* Task details *
In the data below, how many lines contain the string "assms"? Give only the figure.

Records from a data source:
lemma inner_block_mat_feedback:
  fixes R :: "real^'m^'m" and F :: "real^'n^'m" and x :: "real^'n"
  assumes "transpose R = R" "invertible R"
  shows "vec_stack (- (R *v (F *v x))) x
           \<bullet> (block_mat (matrix_inv R) F (transpose F) M *v vec_stack (- (R *v (F *v x))) x)
         = x \<bullet> (M *v x) - (F *v x) \<bullet> (R *v (F *v x))"
proof -
  define u where "u = F *v x"
  have R_sym: "(R *v u) \<bullet> u = u \<bullet> (R *v u)"
    using inner_transpose_mult[of u R u] assms(1) by (simp add: inner_commute)
  have "matrix_inv R *v (R *v u) = u"
    by (simp add: matrix_vector_mul_assoc matrix_inv_left assms(2))
  moreover have "x \<bullet> (transpose F *v y) = u \<bullet> y" for y
    by (simp only: inner_transpose_mult u_def)
  ultimately show ?thesis
    unfolding inner_block_mat u_def[symmetric]
    by (simp add: matrix_vector_mult_uminus_right R_sym inner_commute[of _ u])
qed

lemma inner_performance_lmi:
  fixes A :: "real^'n^'n" and B :: "real^'m^'n" and F :: "real^'n^'m" and R :: "real^'m^'m"
    and x :: "real^'n"
  assumes "pos_def R"
  defines "u \<equiv> F *v x"
  shows "vec_stack (- (R *v u)) x \<bullet> (block_mat (matrix_inv R) F (transpose F)
             (- \<alpha> *\<^sub>R (transpose (A + B ** F) ** P + P ** (A + B ** F)) - Q) *v vec_stack (- (R *v u)) x)
         = - \<alpha> * ((A *v x + B *v u) \<bullet> (P *v x) + x \<bullet> (P *v (A *v x + B *v u)))
           - (x \<bullet> (Q *v x) + u \<bullet> (R *v u))"
proof -
  have "(A + B ** F) *v x = A *v x + B *v u"
    by (simp add: u_def matrix_vector_mult_add_rdistrib matrix_vector_mul_assoc)
  then have "x \<bullet> ((- \<alpha> *\<^sub>R (transpose (A + B ** F) ** P + P ** (A + B ** F)) - Q) *v x)
      = - \<alpha> * ((A *v x + B *v u) \<bullet> (P *v x) + x \<bullet> (P *v (A *v x + B *v u))) - x \<bullet> (Q *v x)"
    by (simp only: matrix_vector_mult_diff_rdistrib inner_diff_right inner_lyapunov_form
        inner_scaleR_right flip: scaleR_matrix_vector_assoc)
  moreover have "transpose R = R" "invertible R"
    using assms(1) by (simp_all add: pos_def_def pos_def_invertible)
  ultimately show ?thesis
    by (simp add: inner_block_mat_feedback u_def)
qed

lemma performance_margin_has_real_derivative:
  fixes P Q :: "real^'n^'n" and x :: "real \<Rightarrow> real^'n"
  assumes der: "\<And>t. t \<ge> a \<Longrightarrow> (x has_vector_derivative x' t) (at t within {a..})"
    and "a \<le> b"
  shows "((\<lambda>t. \<alpha> * (x a \<bullet> (P *v x a) - x t \<bullet> (P *v x t))
                 - integral {a..t} (\<lambda>s. x s \<bullet> (Q *v x s) + c))
          has_real_derivative
            - \<alpha> * (x' a \<bullet> (P *v x a) + x a \<bullet> (P *v x' a)) - (x a \<bullet> (Q *v x a) + c))
         (at a within {a..b})"
proof -
  have "continuous_on {a..b} x"
    using continuous_on_atLeast_if_has_vector_derivative[OF der] continuous_on_subset by fastforce
  then have "continuous_on {a..b} (\<lambda>s. x s \<bullet> (Q *v x s) + c)"
    by (intro continuous_intros
        bounded_linear.continuous_on[OF matrix_vector_mul_bounded_linear])
  then have "((\<lambda>t. integral {a..t} (\<lambda>s. x s \<bullet> (Q *v x s) + c)) has_real_derivative
               x a \<bullet> (Q *v x a) + c) (at a within {a..b})"
    using \<open>a \<le> b\<close> by (intro integral_has_real_derivative) auto
  moreover have "((\<lambda>t. x t \<bullet> (P *v x t)) has_real_derivative
                   x' a \<bullet> (P *v x a) + x a \<bullet> (P *v x' a)) (at a within {a..b})"
    using quadratic_form_has_real_derivative[OF der] by (rule DERIV_subset) auto
  ultimately show ?thesis
    by (auto intro!: derivative_eq_intros simp: algebra_simps)
qed

theorem proposition2:
  fixes A :: "real^'n^'n" and B :: "real^'m^'n"
    and Q :: "real^'n^'n" and R :: "real^'m^'m"
    and Ft :: "real^'n^'m" and Pt :: "real^'n^'n"
    and Fk :: "real^'n^'m" and \<alpha> :: real
    and x :: "real \<Rightarrow> real^'n" and tk :: real
  assumes stab: "stabilizable A B"
    and Q_pd: "pos_def Q" and R_pd: "pos_def R"
    and Ft_stab: "hurwitz (A + B ** Ft)"
    and Pt_lyap: "transpose (A + B ** Ft) ** Pt + Pt ** (A + B ** Ft) + Q
                    + transpose Ft ** R ** Ft = 0"
    and Pt_unique: "\<And>P. transpose (A + B ** Ft) ** P + P ** (A + B ** Ft) + Q
                    + transpose Ft ** R ** Ft = 0 \<Longrightarrow> P = Pt"
    and Pt_pd: "pos_def Pt"
    and alpha: "\<alpha> > 1"
    and traj: "\<And>t. t \<ge> tk \<Longrightarrow>
         (x has_vector_derivative (A *v x t + B *v (Fk *v x tk))) (at t within {tk..})"
    and LMI: "pos_def (block_mat (matrix_inv R) Fk (transpose Fk)
               (- \<alpha> *\<^sub>R (transpose (A + B ** Fk) ** Pt + Pt ** (A + B ** Fk)) - Q))"
  shows "\<exists>\<delta>>0. \<forall>\<xi>\<in>{0..\<delta>}.
           integral {tk..tk + \<xi>}
             (\<lambda>t. x t \<bullet> (Q *v x t) + (Fk *v x tk) \<bullet> (R *v (Fk *v x tk)))
           \<le> \<alpha> * (x tk \<bullet> (Pt *v x tk) - x (tk + \<xi>) \<bullet> (Pt *v x (tk + \<xi>)))"
proof (cases "x tk = 0")
  case True
  then have zero: "x t = 0" if "t \<ge> tk" for t
    using linear_ode_zero_if_initial_zero[of tk x A t] traj that by simp
  then have "integral {tk..tk + \<xi>} (\<lambda>t. x t \<bullet> (Q *v x t)) = integral {tk..tk + \<xi>} (\<lambda>_. 0)"
    for \<xi>
    by (intro integral_cong) simp
  then show ?thesis
    using True zero by (intro exI[of _ 1]) auto
next
  case False
  define u where "u = Fk *v x tk"
  define l where "l = - \<alpha> * ((A *v x tk + B *v u) \<bullet> (Pt *v x tk) + x tk \<bullet> (Pt *v (A *v x tk + B *v u)))
                      - (x tk \<bullet> (Q *v x tk) + u \<bullet> (R *v u))"
  have "0 < l"
    using pos_def_inner_pos[OF LMI, of "vec_stack (- (R *v u)) (x tk)"] False
    unfolding u_def l_def inner_performance_lmi[OF R_pd] by (simp add: vec_stack_eq_0_iff)
  moreover have "((\<lambda>t. \<alpha> * (x tk \<bullet> (Pt *v x tk) - x t \<bullet> (Pt *v x t))
                 - integral {tk..t} (\<lambda>s. x s \<bullet> (Q *v x s) + u \<bullet> (R *v u)))
               has_real_derivative l) (at tk within {tk..tk + 1})"
    unfolding l_def using traj u_def by (intro performance_margin_has_real_derivative) auto
  ultimately obtain \<delta> where "\<delta> > 0" and "\<forall>\<xi>\<in>{0..\<delta>}. 0 \<le>
      \<alpha> * (x tk \<bullet> (Pt *v x tk) - x (tk + \<xi>) \<bullet> (Pt *v x (tk + \<xi>)))
        - integral {tk..tk + \<xi>} (\<lambda>s. x s \<bullet> (Q *v x s) + u \<bullet> (R *v u))"
    using right_nondecreasing_if_pos_derivative[where a = tk and b = "tk + 1"] by fastforce
  then show ?thesis
    unfolding u_def by (intro exI[of _ \<delta>]) auto
qed

end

* Task solution *
3